Hello,
In the Initialization Assignment, it is mentioned " As you can see with the prediction being 0.5 whether the actual ( y ) value is 1 or 0 you get the same loss value for both, so none of the weights get adjusted and you are stuck with the same old value of the weights."
I am unable to understand why and how the statement -" As you can see with the prediction being 0.5 whether the actual ( y ) value is 1 or 0 you get the same loss value for both"- implies that - “so none of the weights get adjusted and you are stuck with the same old value of the weights.” Please help understand the concept behind this conclusion drawn.
If for any general binary classification problem(X,y), we get the same non-zero loss value for training examples for both categories of y (0 and 1), does this always mean that the weights will stop getting updated during the gradient descent (even if the cost function gradient values are non zero) ?

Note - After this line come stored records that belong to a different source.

(* Let $1\le k\le N$ and let $\mathscr{K}$ be a collection of compact subsets of $\mathbb{C}^N$ totally ordered by inclusion, and let $K_\infty=\bigcap_{K\in\mathscr{K}}K$. Then $\widehat{K_\infty}^{\,k}=\bigcap_{K\in\mathscr{K}}\widehat{K}^{\,k}$ and $h_r^k(K_\infty)=\bigcap_{K\in\mathscr{K}}h_r^k(K)$.
   Context: Let $X\subset\mathbb{C}^N$ be compact. An analytic subvariety of $\mathbb{C}^N$ of pure codimension $m$ means a pure-dimensional analytic subvariety of $\mathbb{C}^N$ of dimension $N-m$. The polynomial hull is $\widehat{X}=\{z: |p(z)|\le\max_X|p| \text{ for all polynomials } p\}$. For $1\le k\le N$, the $k$-rational hull $h_r^k(X)$ is the set of $z\in\mathbb{C}^N$ such that every analytic subvariety of $\mathbb{C}^N$ of pure codimension $\le k$ that passes through $z$ intersects $X$. The $1$-polynomial hull is $\widehat{X}^{\,1}=\widehat{X}$; for $2\le k\le N$ the $k$-polynomial hull $\widehat{X}^{\,k}$ is the set of $z\in\mathbb{C}^N$ such that $z\in h_r^{k-1}(X)$ and $z\in\widehat{X\cap V}$ for every analytic subvariety $V$ of $\mathbb{C}^N$ of pure codimension $\le k-1$ passing through $z$. *)

theory Defs
  imports "HOL-Analysis.Analysis"
begin

text \<open>Points of C^N are modelled as complex ^ 'n with N = CARD('n).\<close>

inductive_set poly_fun :: "(complex ^ 'n \<Rightarrow> complex) set" where
  pf_const: "(\<lambda>z. c) \<in> poly_fun"
| pf_coord: "(\<lambda>z. z $ i) \<in> poly_fun"
| pf_add: "p \<in> poly_fun \<Longrightarrow> q \<in> poly_fun \<Longrightarrow> (\<lambda>z. p z + q z) \<in> poly_fun"
| pf_mult: "p \<in> poly_fun \<Longrightarrow> q \<in> poly_fun \<Longrightarrow> (\<lambda>z. p z * q z) \<in> poly_fun"

definition complex_linear_fun :: "(complex ^ 'n \<Rightarrow> complex) \<Rightarrow> bool" where
  "complex_linear_fun L \<longleftrightarrow> linear L \<and> (\<forall>c v. L (c *s v) = c * L v)"

definition holo_on :: "(complex ^ 'n) set \<Rightarrow> (complex ^ 'n \<Rightarrow> complex) \<Rightarrow> bool" where
  "holo_on U f \<longleftrightarrow> open U \<and>
     (\<forall>z\<in>U. \<exists>L. (f has_derivative L) (at z) \<and> complex_linear_fun L)"

definition analytic_subvariety :: "(complex ^ 'n) set \<Rightarrow> bool" where
  "analytic_subvariety V \<longleftrightarrow> closed V \<and>
     (\<forall>p\<in>V. \<exists>U F. open U \<and> p \<in> U \<and> finite F \<and> (\<forall>f\<in>F. holo_on U f) \<and>
        V \<inter> U = {z\<in>U. \<forall>f\<in>F. f z = 0})"

definition regular_point :: "(complex ^ 'n) set \<Rightarrow> nat \<Rightarrow> complex ^ 'n \<Rightarrow> bool" where
  "regular_point V m p \<longleftrightarrow> p \<in> V \<and>
     (\<exists>U fs. open U \<and> p \<in> U \<and> (\<forall>i<m. holo_on U (fs i)) \<and>
        V \<inter> U = {z\<in>U. \<forall>i<m. fs i z = 0} \<and>
        (\<forall>z\<in>U. \<exists>Ls. (\<forall>i<m. (fs i has_derivative Ls i) (at z) \<and> complex_linear_fun (Ls i)) \<and>
            (\<forall>c::nat \<Rightarrow> complex. (\<forall>v. (\<Sum>i<m. c i * Ls i v) = 0) \<longrightarrow> (\<forall>i<m. c i = 0))))"

text \<open>Analytic subvariety of pure codimension m (pure dimension N - m): every regular point
  has codimension m and the regular points are dense in V.\<close>
definition pure_codim_subvariety :: "(complex ^ 'n) set \<Rightarrow> nat \<Rightarrow> bool" where
  "pure_codim_subvariety V m \<longleftrightarrow> analytic_subvariety V \<and>
     V \<subseteq> closure {p. regular_point V m p} \<and>
     (\<forall>m' p. regular_point V m' p \<longrightarrow> m' = m)"

text \<open>Polynomial hull; max over X written as a supremum in the extended reals.\<close>
definition poly_hull :: "(complex ^ 'n) set \<Rightarrow> (complex ^ 'n) set" where
  "poly_hull X = {z. \<forall>p\<in>poly_fun. ereal (cmod (p z)) \<le> (SUP x\<in>X. ereal (cmod (p x)))}"

definition rat_hull :: "nat \<Rightarrow> (complex ^ 'n) set \<Rightarrow> (complex ^ 'n) set" where
  "rat_hull k X = {z. \<forall>V m. m \<le> k \<and> pure_codim_subvariety V m \<and> z \<in> V \<longrightarrow> V \<inter> X \<noteq> {}}"

definition k_poly_hull :: "nat \<Rightarrow> (complex ^ 'n) set \<Rightarrow> (complex ^ 'n) set" where
  "k_poly_hull k X = (if k \<le> 1 then poly_hull X else
     {z. z \<in> rat_hull (k - 1) X \<and>
         (\<forall>V m. m \<le> k - 1 \<and> pure_codim_subvariety V m \<and> z \<in> V \<longrightarrow> z \<in> poly_hull (X \<inter> V))})"

end

theory Submission
  imports Defs
begin

text \<open>Each hull is cut out by conditions of the form ``a certain closed set \<open>C\<close> meets \<open>X\<close>'':
  \<open>C\<close> is an analytic subvariety through \<open>z\<close> for the rational hull, and a superlevel set
  \<open>{x. \<bar>p z\<bar> \<le> \<bar>p x\<bar>}\<close> of a polynomial for the polynomial hull (which also enters the
  \<open>k\<close>-polynomial hull through \<open>K \<inter> V\<close>, again a chain of compacta).  By the finite intersection
  property, a closed set meeting every member of a chain of compacta meets its intersection, so
  these conditions pass to the limit; monotonicity of the hulls gives the other inclusion.\<close>

lemma compact_chain_Inter_meets_closed:
  fixes KK :: "'a::heine_borel set set"
  assumes "KK \<noteq> {}" and compact: "\<forall>K\<in>KK. compact K"
    and chain: "\<forall>A\<in>KK. \<forall>B\<in>KK. A \<subseteq> B \<or> B \<subseteq> A"
    and "closed C" and meets: "\<forall>K\<in>KK. K \<inter> C \<noteq> {}"
  shows "\<Inter>KK \<inter> C \<noteq> {}"
proof -
  have "\<Inter>((\<lambda>K. K \<inter> C) ` KK) \<noteq> {}"
  proof (rule compact_fip_Heine_Borel)
    show "compact T" if "T \<in> (\<lambda>K. K \<inter> C) ` KK" for T
      using that compact \<open>closed C\<close> compact_Int_closed by blast
    show "\<Inter>F \<noteq> {}" if F: "finite F" "F \<subseteq> (\<lambda>K. K \<inter> C) ` KK" for F
    proof -
      obtain G where G: "G \<subseteq> KK" "finite G" "F = (\<lambda>K. K \<inter> C) ` G"
        using finite_subset_image[OF F] by blast
      show ?thesis
      proof (cases "G = {}")
        case False
        have "subset.chain UNIV G"
          using G(1) chain by (auto simp: subset.chain_def)
        then have "\<Inter>G \<in> G"
          using Inter_in_chain G(2) False by blast
        then have "\<Inter>G \<inter> C \<noteq> {}" and "\<Inter>G \<inter> C \<subseteq> \<Inter>F"
          using G meets by auto
        then show ?thesis by blast
      qed (use G in auto)
    qed
  qed
  then show ?thesis
    using \<open>KK \<noteq> {}\<close> by auto
qed

lemma SUP_compact_less:
  fixes f :: "'a::topological_space \<Rightarrow> real"
  assumes "compact K" "continuous_on K f" "\<forall>x\<in>K. f x < c"
  shows "(SUP x\<in>K. ereal (f x)) < ereal c"
proof (cases "K = {}")
  case False
  then obtain x0 where "x0 \<in> K" "\<forall>y\<in>K. f y \<le> f x0"
    using continuous_attains_sup[OF assms(1) _ assms(2)] by blast
  then have "(SUP x\<in>K. ereal (f x)) \<le> ereal (f x0)"
    by (auto intro!: SUP_least)
  also have "\<dots> < ereal c"
    using \<open>x0 \<in> K\<close> assms(3) by simp
  finally show ?thesis .
qed (simp add: bot_ereal_def)

lemma SUP_Inter_compact_chain_ge:
  fixes f :: "'a::heine_borel \<Rightarrow> real"
  assumes "KK \<noteq> {}" "\<forall>K\<in>KK. compact K" "\<forall>A\<in>KK. \<forall>B\<in>KK. A \<subseteq> B \<or> B \<subseteq> A"
    and cont: "continuous_on UNIV f"
    and ge: "\<forall>K\<in>KK. ereal c \<le> (SUP x\<in>K. ereal (f x))"
  shows "ereal c \<le> (SUP x\<in>\<Inter>KK. ereal (f x))"
proof (rule ccontr)
  assume "\<not> ?thesis"
  then have less: "(SUP x\<in>\<Inter>KK. ereal (f x)) < ereal c"
    by simp
  define C where "C = {x. c \<le> f x}"
  have "closed C"
    unfolding C_def using cont by (intro closed_Collect_le) auto
  have "\<Inter>KK \<inter> C = {}"
  proof -
    have "f x < c" if "x \<in> \<Inter>KK" for x
      using le_less_trans[OF SUP_upper[OF that] less] by simp
    then show ?thesis
      unfolding C_def by force
  qed
  then obtain K where "K \<in> KK" "K \<inter> C = {}"
    using compact_chain_Inter_meets_closed[OF assms(1-3) \<open>closed C\<close>] by blast
  then have "(SUP x\<in>K. ereal (f x)) < ereal c"
    using assms(2) continuous_on_subset[OF cont]
    by (intro SUP_compact_less) (auto simp: C_def)
  with ge \<open>K \<in> KK\<close> show False
    by (meson not_le)
qed

lemma pure_codim_subvariety_closed: "pure_codim_subvariety V m \<Longrightarrow> closed V"
  unfolding pure_codim_subvariety_def analytic_subvariety_def by blast

lemma continuous_on_poly_fun: "p \<in> poly_fun \<Longrightarrow> continuous_on UNIV p"
  by (induction rule: poly_fun.induct) (auto intro!: continuous_intros)

lemma poly_hull_mono: "A \<subseteq> B \<Longrightarrow> poly_hull A \<subseteq> poly_hull B"
  unfolding poly_hull_def by (auto intro: order_trans SUP_subset_mono)

lemma rat_hull_mono: "A \<subseteq> B \<Longrightarrow> rat_hull k A \<subseteq> rat_hull k B"
  unfolding rat_hull_def by blast

lemma k_poly_hull_mono:
  assumes "A \<subseteq> B"
  shows "k_poly_hull k A \<subseteq> k_poly_hull k B"
proof -
  have "poly_hull (A \<inter> V) \<subseteq> poly_hull (B \<inter> V)" for V
    using assms by (intro poly_hull_mono) blast
  then show ?thesis
    using assms poly_hull_mono rat_hull_mono[of A B "k - 1"]
    unfolding k_poly_hull_def by (simp; blast)
qed

lemma subset_poly_hull: "X \<subseteq> poly_hull X"
  unfolding poly_hull_def by (auto intro: SUP_upper)

lemma subset_rat_hull: "X \<subseteq> rat_hull k X"
  unfolding rat_hull_def by blast

lemma subset_k_poly_hull: "X \<subseteq> k_poly_hull k X"
  using subset_poly_hull subset_rat_hull unfolding k_poly_hull_def by fastforce

lemma poly_hull_Inter_chain:
  fixes KK :: "(complex ^ 'n) set set"
  assumes "KK \<noteq> {}" "\<forall>K\<in>KK. compact K" "\<forall>A\<in>KK. \<forall>B\<in>KK. A \<subseteq> B \<or> B \<subseteq> A"
  shows "poly_hull (\<Inter>KK) = (\<Inter>K\<in>KK. poly_hull K)"
proof
  show "poly_hull (\<Inter>KK) \<subseteq> (\<Inter>K\<in>KK. poly_hull K)"
    using poly_hull_mono by (metis INF_greatest Inter_lower)
  show "(\<Inter>K\<in>KK. poly_hull K) \<subseteq> poly_hull (\<Inter>KK)"
  proof
    fix z assume z: "z \<in> (\<Inter>K\<in>KK. poly_hull K)"
    show "z \<in> poly_hull (\<Inter>KK)"
      unfolding poly_hull_def
    proof (intro CollectI ballI)
      fix p :: "complex ^ 'n \<Rightarrow> complex" assume p: "p \<in> poly_fun"
      have "continuous_on UNIV (\<lambda>x. cmod (p x))"
        using continuous_on_poly_fun[OF p] by (intro continuous_intros)
      with z p show "ereal (cmod (p z)) \<le> (SUP x\<in>\<Inter>KK. ereal (cmod (p x)))"
        by (intro SUP_Inter_compact_chain_ge[OF assms]) (auto simp: poly_hull_def)
    qed
  qed
qed

lemma poly_hull_Inter_chain_Int_closed:
  fixes KK :: "(complex ^ 'n) set set"
  assumes "KK \<noteq> {}" "\<forall>K\<in>KK. compact K" "\<forall>A\<in>KK. \<forall>B\<in>KK. A \<subseteq> B \<or> B \<subseteq> A"
    and "closed V"
  shows "poly_hull (\<Inter>KK \<inter> V) = (\<Inter>K\<in>KK. poly_hull (K \<inter> V))"
proof -
  have "\<Inter>KK \<inter> V = \<Inter>((\<lambda>K. K \<inter> V) ` KK)"
    using assms(1) by auto
  also have "poly_hull \<dots> = (\<Inter>K\<in>(\<lambda>K. K \<inter> V) ` KK. poly_hull K)"
  proof (rule poly_hull_Inter_chain)
    show "\<forall>K\<in>(\<lambda>K. K \<inter> V) ` KK. compact K"
      using assms(2,4) compact_Int_closed by blast
    show "\<forall>A\<in>(\<lambda>K. K \<inter> V) ` KK. \<forall>B\<in>(\<lambda>K. K \<inter> V) ` KK. A \<subseteq> B \<or> B \<subseteq> A"
      using assms(3) by blast
  qed (use assms(1) in blast)
  finally show ?thesis
    by simp
qed

lemma rat_hull_Inter_chain:
  fixes KK :: "(complex ^ 'n) set set"
  assumes "KK \<noteq> {}" "\<forall>K\<in>KK. compact K" "\<forall>A\<in>KK. \<forall>B\<in>KK. A \<subseteq> B \<or> B \<subseteq> A"
  shows "rat_hull k (\<Inter>KK) = (\<Inter>K\<in>KK. rat_hull k K)"
proof
  show "rat_hull k (\<Inter>KK) \<subseteq> (\<Inter>K\<in>KK. rat_hull k K)"
    using rat_hull_mono by (metis INF_greatest Inter_lower)
  show "(\<Inter>K\<in>KK. rat_hull k K) \<subseteq> rat_hull k (\<Inter>KK)"
  proof
    fix z assume z: "z \<in> (\<Inter>K\<in>KK. rat_hull k K)"
    show "z \<in> rat_hull k (\<Inter>KK)"
      unfolding rat_hull_def
    proof (intro CollectI allI impI)
      fix V m assume V: "m \<le> k \<and> pure_codim_subvariety V m \<and> z \<in> V"
      with z have "\<forall>K\<in>KK. K \<inter> V \<noteq> {}"
        by (auto simp: rat_hull_def Int_commute)
      with V show "V \<inter> \<Inter>KK \<noteq> {}"
        using compact_chain_Inter_meets_closed[OF assms] pure_codim_subvariety_closed
        by (metis Int_commute)
    qed
  qed
qed

lemma mem_k_poly_hull:
  "1 < k \<Longrightarrow> z \<in> k_poly_hull k X \<longleftrightarrow> z \<in> rat_hull (k - 1) X \<and>
     (\<forall>V m. m \<le> k - 1 \<and> pure_codim_subvariety V m \<and> z \<in> V \<longrightarrow> z \<in> poly_hull (X \<inter> V))"
  unfolding k_poly_hull_def by simp

lemma k_poly_hull_Inter_chain:
  fixes KK :: "(complex ^ 'n) set set"
  assumes "KK \<noteq> {}" "\<forall>K\<in>KK. compact K" "\<forall>A\<in>KK. \<forall>B\<in>KK. A \<subseteq> B \<or> B \<subseteq> A"
  shows "k_poly_hull k (\<Inter>KK) = (\<Inter>K\<in>KK. k_poly_hull k K)"
proof (cases "k \<le> 1")
  case True
  then show ?thesis
    using poly_hull_Inter_chain[OF assms] by (simp add: k_poly_hull_def)
next
  case False
  then have "1 < k"
    by simp
  have poly_hull_slice: "z \<in> poly_hull (\<Inter>KK \<inter> V) \<longleftrightarrow> (\<forall>K\<in>KK. z \<in> poly_hull (K \<inter> V))"
    if "pure_codim_subvariety V m" for z V m
    using poly_hull_Inter_chain_Int_closed[OF assms pure_codim_subvariety_closed[OF that]] by blast
  show ?thesis
  proof
    show "k_poly_hull k (\<Inter>KK) \<subseteq> (\<Inter>K\<in>KK. k_poly_hull k K)"
      using k_poly_hull_mono by (metis INF_greatest Inter_lower)
    show "(\<Inter>K\<in>KK. k_poly_hull k K) \<subseteq> k_poly_hull k (\<Inter>KK)"
    proof
      fix z assume z: "z \<in> (\<Inter>K\<in>KK. k_poly_hull k K)"
      have zK: "z \<in> rat_hull (k - 1) K \<and>
          (\<forall>V m. m \<le> k - 1 \<and> pure_codim_subvariety V m \<and> z \<in> V \<longrightarrow> z \<in> poly_hull (K \<inter> V))"
        if "K \<in> KK" for K
        using z that mem_k_poly_hull[OF \<open>1 < k\<close>, of z K] by blast
      have "z \<in> rat_hull (k - 1) (\<Inter>KK)"
        using zK rat_hull_Inter_chain[OF assms] by blast
      moreover have "z \<in> poly_hull (\<Inter>KK \<inter> V)"
        if "m \<le> k - 1" "pure_codim_subvariety V m" "z \<in> V" for V m
        using zK that poly_hull_slice[OF that(2)] by blast
      ultimately show "z \<in> k_poly_hull k (\<Inter>KK)"
        unfolding mem_k_poly_hull[OF \<open>1 < k\<close>] by blast
    qed
  qed
qed

theorem lemma4p1:
  fixes KK :: "(complex ^ 'n) set set" and k :: nat
  assumes "1 \<le> k" and "k \<le> CARD('n)"
    and "\<forall>K\<in>KK. compact K"
    and "\<forall>A\<in>KK. \<forall>B\<in>KK. A \<subseteq> B \<or> B \<subseteq> A"
  shows "k_poly_hull k (\<Inter>KK) = (\<Inter>K\<in>KK. k_poly_hull k K)
       \<and> rat_hull k (\<Inter>KK) = (\<Inter>K\<in>KK. rat_hull k K)"
proof (cases "KK = {}")
  case True
  then show ?thesis
    using subset_k_poly_hull[of UNIV k] subset_rat_hull[of UNIV k] by (simp add: top.extremum_unique)
next
  case False
  then show ?thesis
    using k_poly_hull_Inter_chain[OF False assms(3,4)] rat_hull_Inter_chain[OF False assms(3,4)]
    by simp
qed

end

The real point is that if you initialize with all zeros, then the gradients are zero. That is why no learning can take place. Here’s a thread which goes through the math behind that.
The answer to your last question is generally no - having the same non-zero loss value for training examples of both categories doesn’t imply zero gradients. The statement you cite from the assignment happens to hold just because the specific dataset used in the assignment has exactly the same number of positive and negative examples so that the gradients of the positive and negative examples cancel each other. If you reduce just one example from the dataset, the gradients are no longer zero.
The main issue with zero initialization is therefore not zero gradients, but symmetry between different neurons in the same layer.